_The problem_:
Using the records below, repeat exactly the lines from the one holding "by (simp add: B_def" through the one holding "using pivot by", both ends included, and no others.

· · ·

definition is_DI_code :: "nat \<Rightarrow> nat \<Rightarrow> nat \<Rightarrow> (nat \<Rightarrow> real) \<Rightarrow> (nat \<Rightarrow> nat \<Rightarrow> real)
    \<Rightarrow> real \<Rightarrow> real \<Rightarrow> real \<Rightarrow> (nat \<Rightarrow> nat \<Rightarrow> real) \<Rightarrow> (nat \<Rightarrow> (nat \<Rightarrow> real) set) \<Rightarrow> bool" where
  "is_DI_code n M K h S Pmax e1 e2 c D \<longleftrightarrow>
     (\<forall>i<M. \<forall>t<n. \<bar>c i t\<bar> \<le> Pmax) \<and>
     (\<forall>i<M. D i \<in> sets (leb (nbar n K))) \<and>
     (\<forall>i<M. 1 - out_prob n K h S (c i) (D i) \<le> e1) \<and>
     (\<forall>i<M. \<forall>j<M. i \<noteq> j \<longrightarrow> out_prob n K h S (c i) (D j) \<le> e2)"

definition num_msgs :: "nat \<Rightarrow> real \<Rightarrow> nat" where
  "num_msgs n R = nat \<lfloor>2 powr (real n * log 2 (real n) * R)\<rfloor>"

definition achievable :: "(nat \<Rightarrow> nat) \<Rightarrow> (nat \<Rightarrow> nat \<Rightarrow> real) \<Rightarrow> (nat \<Rightarrow> nat \<Rightarrow> nat \<Rightarrow> real)
    \<Rightarrow> real \<Rightarrow> real \<Rightarrow> bool" where
  "achievable K h S Pmax R \<longleftrightarrow>
     (\<forall>e1>0. \<forall>e2>0. \<forall>\<^sub>F n in sequentially. \<exists>c D.
        is_DI_code n (num_msgs n R) (K n) (h n) (S n) Pmax e1 e2 c D)"

end

theory Submission
  imports Defs "Jordan_Normal_Form.Determinant"
begin

(* If the decoding set D of message i has probability at least 1 - e1 under the output
   density f(y - u), u = H c_i, but at most e2 under f(y - v), v = H c_j, then the two Gaussians
   must be far apart. For Gaussians with a common covariance one has
   f(y - u)^2 = f(y - v) f(y - (2u - v)) exp Q(v - u), where Q is the quadratic form of the
   inverse covariance, so by AM-GM 2 f(y - u) <= f(y - v) + exp Q(v - u) f(y - (2u - v)).
   Integrating over D gives 2 (1 - e1) <= e2 + exp Q(v - u), hence Q(v - u) > 1/4 once the
   error probabilities are small, while Q(v - u) <= |v - u|^2 / sigma_min. As sigma_min is of
   order at least n^-mu and nbar * eps'_n = O(n^-(1 + mu + 2b)), the convoluted codewords are
   eventually at distance at least sqrt (nbar * eps'_n).
   That the density f integrates to 1 is shown by induction on the dimension, integrating out
   the last coordinate after completing the square; the Schur complement of the last pivot
   carries both the quadratic form and the determinant. *)

definition mat_of_fun :: "nat \<Rightarrow> (nat \<Rightarrow> nat \<Rightarrow> real) \<Rightarrow> real mat" where
  "mat_of_fun m P = mat m m (\<lambda>(i, j). P i j)"

lemma mat_of_fun_carrier [simp]: "mat_of_fun m P \<in> carrier_mat m m"
  by (simp add: mat_of_fun_def)

lemma dim_mat_of_fun [simp]: "dim_row (mat_of_fun m P) = m" "dim_col (mat_of_fun m P) = m"
  by (simp_all add: mat_of_fun_def)

lemma index_mat_of_fun [simp]: "i < m \<Longrightarrow> j < m \<Longrightarrow> mat_of_fun m P $$ (i, j) = P i j"
  by (simp add: mat_of_fun_def)

lemma index_mult_mat_of_fun:
  "i < m \<Longrightarrow> j < m \<Longrightarrow> (mat_of_fun m P * mat_of_fun m Q) $$ (i, j) = (\<Sum>k<m. P i k * Q k j)"
  by (simp add: scalar_prod_def atLeast0LessThan)

lemma mat_det_eq_det: "mat_det m P = det (mat_of_fun m P)"
  unfolding mat_det_def det_def'[OF mat_of_fun_carrier] atLeast0LessThan
proof (rule sum.cong)
  fix p assume "p \<in> {p. p permutes {..<m}}"
  then have "(\<Prod>i<m. P i (p i)) = (\<Prod>i<m. mat_of_fun m P $$ (i, p i))"
    using permutes_in_image by (intro prod.cong) fastforce+
  then show "of_int (sign p) * (\<Prod>i<m. P i (p i)) = of_int (sign p) * (\<Prod>i<m. mat_of_fun m P $$ (i, p i))"
    by simp
qed simp

definition schur_compl :: "nat \<Rightarrow> (nat \<Rightarrow> nat \<Rightarrow> real) \<Rightarrow> nat \<Rightarrow> nat \<Rightarrow> real" where
  "schur_compl m P i j = P i j - P i m * P m j / P m m"

definition schur_elim :: "nat \<Rightarrow> (nat \<Rightarrow> nat \<Rightarrow> real) \<Rightarrow> real mat" where
  "schur_elim m P = mat_of_fun (Suc m) (\<lambda>i j. if i = j then 1 else if j = m then - P i m / P m m else 0)"

lemma index_schur_elim_mult:
  assumes i: "i < Suc m" and j: "j < Suc m"
  shows "(schur_elim m P * mat_of_fun (Suc m) P) $$ (i, j) = (if i = m then P m j else schur_compl m P i j)"
proof (cases "i = m")
  case True
  then show ?thesis
    unfolding schur_elim_def index_mult_mat_of_fun[OF i j] by (simp add: if_distrib cong: if_cong)
next
  case False
  have "(schur_elim m P * mat_of_fun (Suc m) P) $$ (i, j)
      = (\<Sum>k<Suc m. (if k = i then P k j else 0) + (if k = m then - P i m / P m m * P k j else 0))"
    unfolding schur_elim_def index_mult_mat_of_fun[OF i j] using False by (intro sum.cong) auto
  also have "\<dots> = schur_compl m P i j"
    using i False by (simp add: sum.distrib schur_compl_def)
  finally show ?thesis
    using False by simp
qed

lemma mat_det_Suc_schur_compl:
  assumes pivot: "P m m \<noteq> 0"
  shows "mat_det (Suc m) P = P m m * mat_det m (schur_compl m P)"
proof -
  define B where "B = schur_elim m P * mat_of_fun (Suc m) P"
  have B: "B \<in> carrier_mat (Suc m) (Suc m)"
    unfolding B_def schur_elim_def by (rule mult_carrier_mat[OF mat_of_fun_carrier mat_of_fun_carrier])
  have B_index: "i < Suc m \<Longrightarrow> j < Suc m \<Longrightarrow> B $$ (i, j) = (if i = m then P m j else schur_compl m P i j)"
    for i j unfolding B_def by (rule index_schur_elim_mult)
  have "upper_triangular (schur_elim m P)"
    unfolding upper_triangular_def schur_elim_def by auto
  then have "det (schur_elim m P) = 1"
    by (subst det_upper_triangular[of _ "Suc m"]) (auto simp: schur_elim_def prod_list_diag_prod)
  then have "mat_det (Suc m) P = det B"
    by (simp add: B_def schur_elim_def det_mult[of _ "Suc m"] mat_det_eq_det)
  also have "\<dots> = (\<Sum>i<Suc m. B $$ (i, m) * cofactor B i m)"
    by (rule laplace_expansion_column[OF B]) simp
  also have "\<dots> = P m m * cofactor B m m"
    using pivot by (simp add: B_index schur_compl_def)
  also have "cofactor B m m = det (mat_of_fun m (schur_compl m P))"
    using B by (auto simp: cofactor_def mat_delete_def B_index intro!: arg_cong[where f = det] eq_matI)
  finally show ?thesis
    by (simp add: mat_det_eq_det)
qed

definition quad_form :: "nat \<Rightarrow> (nat \<Rightarrow> nat \<Rightarrow> real) \<Rightarrow> (nat \<Rightarrow> real) \<Rightarrow> real" where
  "quad_form m P z = (\<Sum>i<m. \<Sum>j<m. z i * P i j * z j)"

lemma quad_form_cong: "(\<And>i. i < m \<Longrightarrow> z i = z' i) \<Longrightarrow> quad_form m P z = quad_form m P z'"
  unfolding quad_form_def by (intro sum.cong) auto

lemma quad_form_polar:
  "2 * quad_form m P a - quad_form m P b
     = quad_form m P (\<lambda>i. 2 * a i - b i) - 2 * quad_form m P (\<lambda>i. a i - b i)"
  unfolding quad_form_def by (simp add: sum_subtractf[symmetric] sum_distrib_left algebra_simps)

lemma quad_form_Suc:
  assumes sym: "\<And>i. i < m \<Longrightarrow> P i m = P m i"
  shows "quad_form (Suc m) P z
           = quad_form m P z + 2 * z m * (\<Sum>i<m. P m i * z i) + P m m * (z m)\<^sup>2"
proof -
  have "(\<Sum>i<m. z i * P i m * z m) = z m * (\<Sum>i<m. P m i * z i)"
    unfolding sum_distrib_left using sym by (intro sum.cong) auto
  moreover have "(\<Sum>j<m. z m * P m j * z j) = z m * (\<Sum>i<m. P m i * z i)"
    unfolding sum_distrib_left by (simp add: mult.assoc)
  ultimately show ?thesis
    by (simp add: quad_form_def sum.distrib power2_eq_square)
qed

· · ·

_Answer to the problem_:
    by (simp add: B_def schur_elim_def det_mult[of _ "Suc m"] mat_det_eq_det)
  also have "\<dots> = (\<Sum>i<Suc m. B $$ (i, m) * cofactor B i m)"
    by (rule laplace_expansion_column[OF B]) simp
  also have "\<dots> = P m m * cofactor B m m"
    using pivot by (simp add: B_index schur_compl_def)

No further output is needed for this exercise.